Inspection XI: The journals of the second Viena's travel & the counterfeit letters to Matuszyński from Chopin -

 


5.贋作マトゥシンスキ書簡、その3―

  5. The counterfeit Matuszyński letter, part 3 -

 

 ≪♪BGM付き作品解説 マズルカ 第6番▼≫
 

今回紹介するのは、ショパンがウィーンに到着してからマトゥシンスキ宛に書いた手紙のうち、3番目に書かれたとされているものである。

まずはカラソフスキー版による手紙を読んで頂きたい。文中の*註釈]も全てカラソフスキーによるもので、改行もそのドイツ語版の通りにしてある。

 

■ウィーンのフレデリック・ショパンから、

ワルシャワのヤン・マトゥシンスキへ(ウィーン時代のマトゥシンスキ書簡・第3便)■

(※原文はポーランド語)

「ウィーン、

1831年元旦

最も親愛なる人よ、

今君は、君の欲しいものを手に入れた。君はその手紙を受け取ったかい? そのいずれかを届けてくれたかい? 僕はまだ自分のした事を後悔している。僕は甘い希望に満たされていたが、今は疑念と不安に悩まされている。おそらく彼女(※グワトコフスカの事)は僕を軽蔑するか、さもなくば笑うだろう! おそらく――おお、彼女は僕を愛しているだろうか?と、僕の鼓動する心臓が訊ねる。汝、役立たずのアスクラピウスよ、君は劇場でオペラ・グラスを手にして、彼女から眼を離さなかったではないか! もしもそうなら、いまいましい奴だ……君は僕の信頼を軽んじないでくれたまえ。でも僕はただ僕自身のために書いているだけだ;君には骨を折る値打ちもないよ。今じゃ君は、僕の考えている事は全て知っている。君が、君の旧友のロストフスキ、シューフ、フライエル、キエフスキ、そしてフーベらと一緒に僕の部屋にいる時に、僕が君と楽しげに過ごしていると想像してくれたまえ、しかし、ああ! 僕はここで君に手紙を書いていると、とても奇異な感じがする。僕にはまるで、僕が君と一緒にいるようかのに思われ、周りに見えるものや聞こえるものが全て夢に過ぎないように思われる。僕の耳に馴染まない声の数々は、車輪の音でなければ何かつまらぬ物音のように感じられる。君の声やティトゥスの声は僕を昏睡から目覚めさせる事ができるのだ。今日の僕にとっては、生も死もどうでもよい事だ。僕の両親には、こうした事を少しも話さないでくれたまえ。僕が素晴らしく元気で、不足なものは何もなく、楽しく暮していて、少しも淋しく感じていないと話してくれたまえ。彼女が僕の事を笑っていたら、彼女にも同じ事を話してくれたまえ。だが、彼女が親切に僕について訊ね、僕の事を気にかけているようだったら、心配しないように囁いて、僕が彼女の側を離れていつも孤独で不幸だと告げてくれたまえ。僕は健康ではない、でも僕の両親には言わないでくれたまえ。僕の友人達は皆、何が僕を悩ませているのかと訊く;それで僕は時々、“気質なんだ”と言うが、本当は何が問題か、君は知っている。

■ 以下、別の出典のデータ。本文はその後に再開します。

(* Let $\epsilon\in\{-1,0,1\}$ and assume $\alpha_0>2\eta_0$ (equivalently $C_0^2<\tfrac12$ with $C_0:=(\eta_0/\alpha_0)^{1/2}$). Then there exists $C_{\mathrm{sta}}>0$, depending only on $C_0$ (hence independent of $h$, of the contrast $\kappa_{\max}/\kappa_{\min}$, and of $C_T$), such that $$a_h^{(\epsilon)}(v_h,v_h)\ge C_{\mathrm{sta}}\,|\!|\!|v_h|\!|\!|^2\qquad\forall v_h\in V_h.$$
   Context: Setting. Let $\Omega\subset\mathbb R^d$, $d\in\{2,3\}$, be a bounded polyhedral Lipschitz domain. Let $\kappa:\Omega\to\mathbb R^{d\times d}$ be symmetric with $\kappa_{\min}|\xi|^2\le\xi^\top\kappa(x)\xi\le\kappa_{\max}|\xi|^2$ for all $\xi\in\mathbb R^d$ and a.e. $x$, where $0<\kappa_{\min}\le\kappa_{\max}<\infty$. Let $\mathcal T_h$ be a conforming affine simplicial mesh of $\Omega$ from a shape-regular family, with $h_E=\operatorname{diam}E$, $h=\max_Eh_E\le1$, and assume $\kappa$ is constant on each element, $\kappa_E:=\kappa|_E$. $\mathcal F_h=\mathcal F_h^i\cup\mathcal F_h^b$ is the set of faces (edges if $d=2$), split into interior and boundary faces; $\mathcal F_E$ is the set of faces of $E$, $n_{E,F}$ the unit outward normal to $F\in\mathcal F_E$, and $\eta_0:=\max_E\#\mathcal F_E$. For an interior face $F=\partial E_1\cap\partial E_2$, a subscript $i\in\{1,2\}$ denotes the trace from $E_i$ and $n_i:=n_{E_i,F}$. $\nabla_h$ is the elementwise gradient; $(\cdot,\cdot)_{\mathcal T_h}:=\sum_E(\cdot,\cdot)_{L^2(E)}$, $\langle\cdot,\cdot\rangle_{\mathcal F}:=\sum_{F\in\mathcal F}\langle\cdot,\cdot\rangle_{L^2(F)}$ for a set $\mathcal F$ of faces; $H^2(\mathcal T_h)$ is the broken Sobolev space. Fix $k\ge1$: $V_h:=\{v\in L^2(\Omega):v|_E\in\mathbb P_k(E)\ \forall E\}$. Trace operators. For an interior face and a pair of weights $(\omega_1,\omega_2)$ with $\omega_1+\omega_2=1$ (boundary faces: $(1,0)$): $[\varphi]:=\varphi_1n_1+\varphi_2n_2$, $\{\varphi\}^*_\omega:=\omega_2\varphi_1+\omega_1\varphi_2$; on a boundary face $F\subset\partial E$: $[\varphi]:=\varphi|_En_{E,F}$, $\{\varphi\}^*_\omega:=\varphi|_E$. Means of vector fields are componentwise; for a vector field $\mathbf b$, $[\mathbf b]:=\mathbf b_1\cdot n_1+\mathbf b_2\cdot n_2$ (scalar) on interior faces. Penalty and coefficients. Let $C_T>0$ be such that $\|w\|_{L^2(F)}^2\le C_T^2h_E^{-1}\|w\|_{L^2(E)}^2$ for all $E$, $F\in\mathcal F_E$, $w\in\mathbb P_k(E)$. Fix $\alpha_0>0$ and set $\tau|_{E,F}:=\alpha_0C_T^2\kappa_{E,F}h_E^{-1}$ with $\kappa_{E,F}:=n_{E,F}^\top\kappa_En_{E,F}$. On an interior face with $\tau_i:=\tau|_{E_i,F}$: $\omega^\tau_i:=\tau_i/(\tau_1+\tau_2)$, $\varrho_0:=\tau_1\tau_2/(\tau_1+\tau_2)$, $\varrho_1:=1/(\tau_1+\tau_2)$; on a boundary face $F\subset\partial E$: $\omega^\tau:=(1,0)$, $\varrho_0:=\tau|_{E,F}$. UIP-DG method. For $u,v$ with $u|_E,v|_E\in H^2(E)$ for all $E$: $a_h^{(\epsilon)}(u,v):=(\kappa\nabla_hu,\nabla_hv)_{\mathcal T_h}+a^c_h(u,v)+\epsilon\,a^c_h(v,u)+s^{(\epsilon)}_h(u,v)$, where $a^c_h(u,v):=-\langle\{\kappa\nabla_hu\}^*_{\omega^\tau},[v]\rangle_{\mathcal F_h}$ and $s_h^{(\epsilon)}(u,v):=\langle\varrho_0[u],[v]\rangle_{\mathcal F_h}-\epsilon\langle\varrho_1[\kappa\nabla_hu],[\kappa\nabla_hv]\rangle_{\mathcal F_h^i}$. Norms. $|v|_{0,h}^2:=\sum_{F\in\mathcal F_h}\|\varrho_0^{1/2}[v]\|_{L^2(F)}^2$, $|\!|\!|v|\!|\!|^2:=\sum_E\|\kappa^{1/2}\nabla v\|_{L^2(E)}^2+|v|_{0,h}^2$. *)

theory Defs
  imports "HOL-Analysis.Analysis"
begin
(* Let $(a,b)\in P$ with $|a|>2$, and consider the affine curve $y^2+(x^2-1)(x^2+ax+b)=0$. Then $$N(a,b)\ge 2+\sqrt{\frac{|a|-2}{2(1+b-|a|)}}.$$
   Context: Let $P$ be the set of $(a,b)\in\mathbb{R}^2$ such that $h(x)=x^2+ax+b$ has no multiple root and $h(x)>0$ for all real $x$ with $|x|\ge1$ (equivalently: $a^2<4b$, or $a^2>4b$ and $|a|<\min\{2,b+1\}$). For $(a,b)\in P$ let $C_{a,b}$ be the affine curve $y^2+(x^2-1)(x^2+ax+b)=0$, $\mathbb{R}[C_{a,b}]=\mathbb{R}[x,y]/(y^2+(x^2-1)(x^2+ax+b))$. For $g=u(x)+v(x)y$ put $\delta(g)=\max\{\deg u,\deg v+2\}$, and for $0\ne g$ let $\theta(g)$ be the least integer $e\ge0$ with $g=\sum_i g_i^2$, $g_i\in\mathbb{R}[C_{a,b}]$, $\delta(g_i)\le e$. Define $N(a,b):=\theta(1-x^2)$ computed in $\mathbb{R}[C_{a,b}]$ (the stability constant of $C_{a,b}$). *)

theory Defs
  imports "HOL-Analysis.Analysis" "HOL-Computational_Algebra.Polynomial"
begin

definition hpoly :: "real \<Rightarrow> real \<Rightarrow> real poly" where
  "hpoly a b = [:b, a, 1:]"

(* The parameter set P: h has no multiple root and h(x) > 0 for |x| >= 1.
   (A monic real quadratic with a multiple root has a real double root,
   so rsquarefree over the reals is the same as "no multiple root".) *)
definition P :: "(real \<times> real) set" where
  "P = {(a, b). rsquarefree (hpoly a b) \<and> (\<forall>x::real. \<bar>x\<bar> \<ge> 1 \<longrightarrow> poly (hpoly a b) x > 0)}"

(* Elements of R[C_{a,b}] = R[x,y]/(y^2 + (x^2-1) h(x)) are uniquely written
   u(x) + v(x) y; we represent them by the pair (u, v).
   Multiplication uses y^2 = -(x^2-1) h(x). *)
definition cmult :: "real \<Rightarrow> real \<Rightarrow> real poly \<times> real poly \<Rightarrow> real poly \<times> real poly \<Rightarrow> real poly \<times> real poly" where
  "cmult a b g1 g2 =
     (fst g1 * fst g2 - snd g1 * snd g2 * [:-1, 0, 1:] * hpoly a b,
      fst g1 * snd g2 + snd g1 * fst g2)"

(* delta(u + v y) = max{deg u, deg v + 2}, with deg 0 = -infinity *)
definition cdelta :: "real poly \<times> real poly \<Rightarrow> nat" where
  "cdelta g = (if snd g = 0 then degree (fst g) else max (degree (fst g)) (degree (snd g) + 2))"

definition sos_le :: "real \<Rightarrow> real \<Rightarrow> real poly \<times> real poly \<Rightarrow> nat \<Rightarrow> bool" where
  "sos_le a b g e \<longleftrightarrow> (\<exists>gs :: (real poly \<times> real poly) list.
      (\<forall>gi \<in> set gs. cdelta gi \<le> e) \<and>
      fst g = sum_list (map (\<lambda>gi. fst (cmult a b gi gi)) gs) \<and>
      snd g = sum_list (map (\<lambda>gi. snd (cmult a b gi gi)) gs))"

(* theta(g): least e with such a representation (infinity if none exists) *)
definition theta :: "real \<Rightarrow> real \<Rightarrow> real poly \<times> real poly \<Rightarrow> enat" where
  "theta a b g = (INF e \<in> {e. sos_le a b g e}. enat e)"
lemma T_left_pinned:
  assumes "\<Phi> t = \<Phi> y + (\<Sum>z\<leftarrow>zs. \<Phi> z)" and "\<forall>z\<in>set zs. T \<sigma> z x = 0"
  shows "T \<sigma> t x = T \<sigma> y x"
proof (rule Phi_inj)
  have "(\<Sum>z\<leftarrow>zs. \<Phi> (T \<sigma> z x)) = 0"
    using assms(2) by (induction zs) simp_all
  then show "\<Phi> (T \<sigma> t x) = \<Phi> (T \<sigma> y x)"
    using Phi_T_sum_left[of t "y # zs" x] assms(1) by simp
qed

lemma exists_scalar_fixed: obtains c where "c \<noteq> 0" "\<sigma> * cnj c = c"
  using sign that[of 1] that[of \<i>] by auto

lemma exists_scalar_skew: obtains c where "c \<noteq> 0" "\<sigma> * cnj c = - c"
  using sign that[of 1] that[of \<i>] by auto

lemma jordan_d_pinned:
  assumes "\<Phi> t = \<Phi> y + (\<Sum>z\<leftarrow>zs. \<Phi> z)" and "\<forall>z\<in>set zs. jordan_d z = 0"
  shows "jordan_d t = jordan_d y"
proof -
  obtain c where c: "c \<noteq> 0" "\<sigma> * cnj c = c" using exists_scalar_fixed .
  have "T \<sigma> (smA c d) t = T \<sigma> (smA c d) y"
    using assms(2)
    by (intro T_right_pinned[OF assms(1)]) (simp add: T_scale_d[OF c(2)] scale_zero_right)
  then show ?thesis using c by (simp add: T_scale_d scale_cancel)
qed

もしもそこが平穏なら、僕は来月の終りにパリヘ行くつもりだ。ここでは娯楽には不自由しないが、でも僕はめったにそれに参加しない。メルクと言う、ウィーンで第一流のチェリストが僕を訪問する約束をした。今日は11日だ。ああ、僕にとって何て嘆かわしい年の初めだろう! 僕は心から君を愛している。出来るだけ早く手紙を書いてくれたまえ。彼女はラドムにいるのか? 君は砦を造ったか? 僕の両親が気の毒だ! 僕の友人達はどうしている? 僕は君達のために、君達の誰かのために死にたい。なぜ僕はここに留まり、有罪判決を宣告されたように淋しく見捨てられているのか? こんな恐しい時勢でも、君達は一緒にいてお互いに慰め合う事ができる。君のフルートは十分に悲しむ事ができるだろう! 僕のピアノは自身でどうやって泣くのだ!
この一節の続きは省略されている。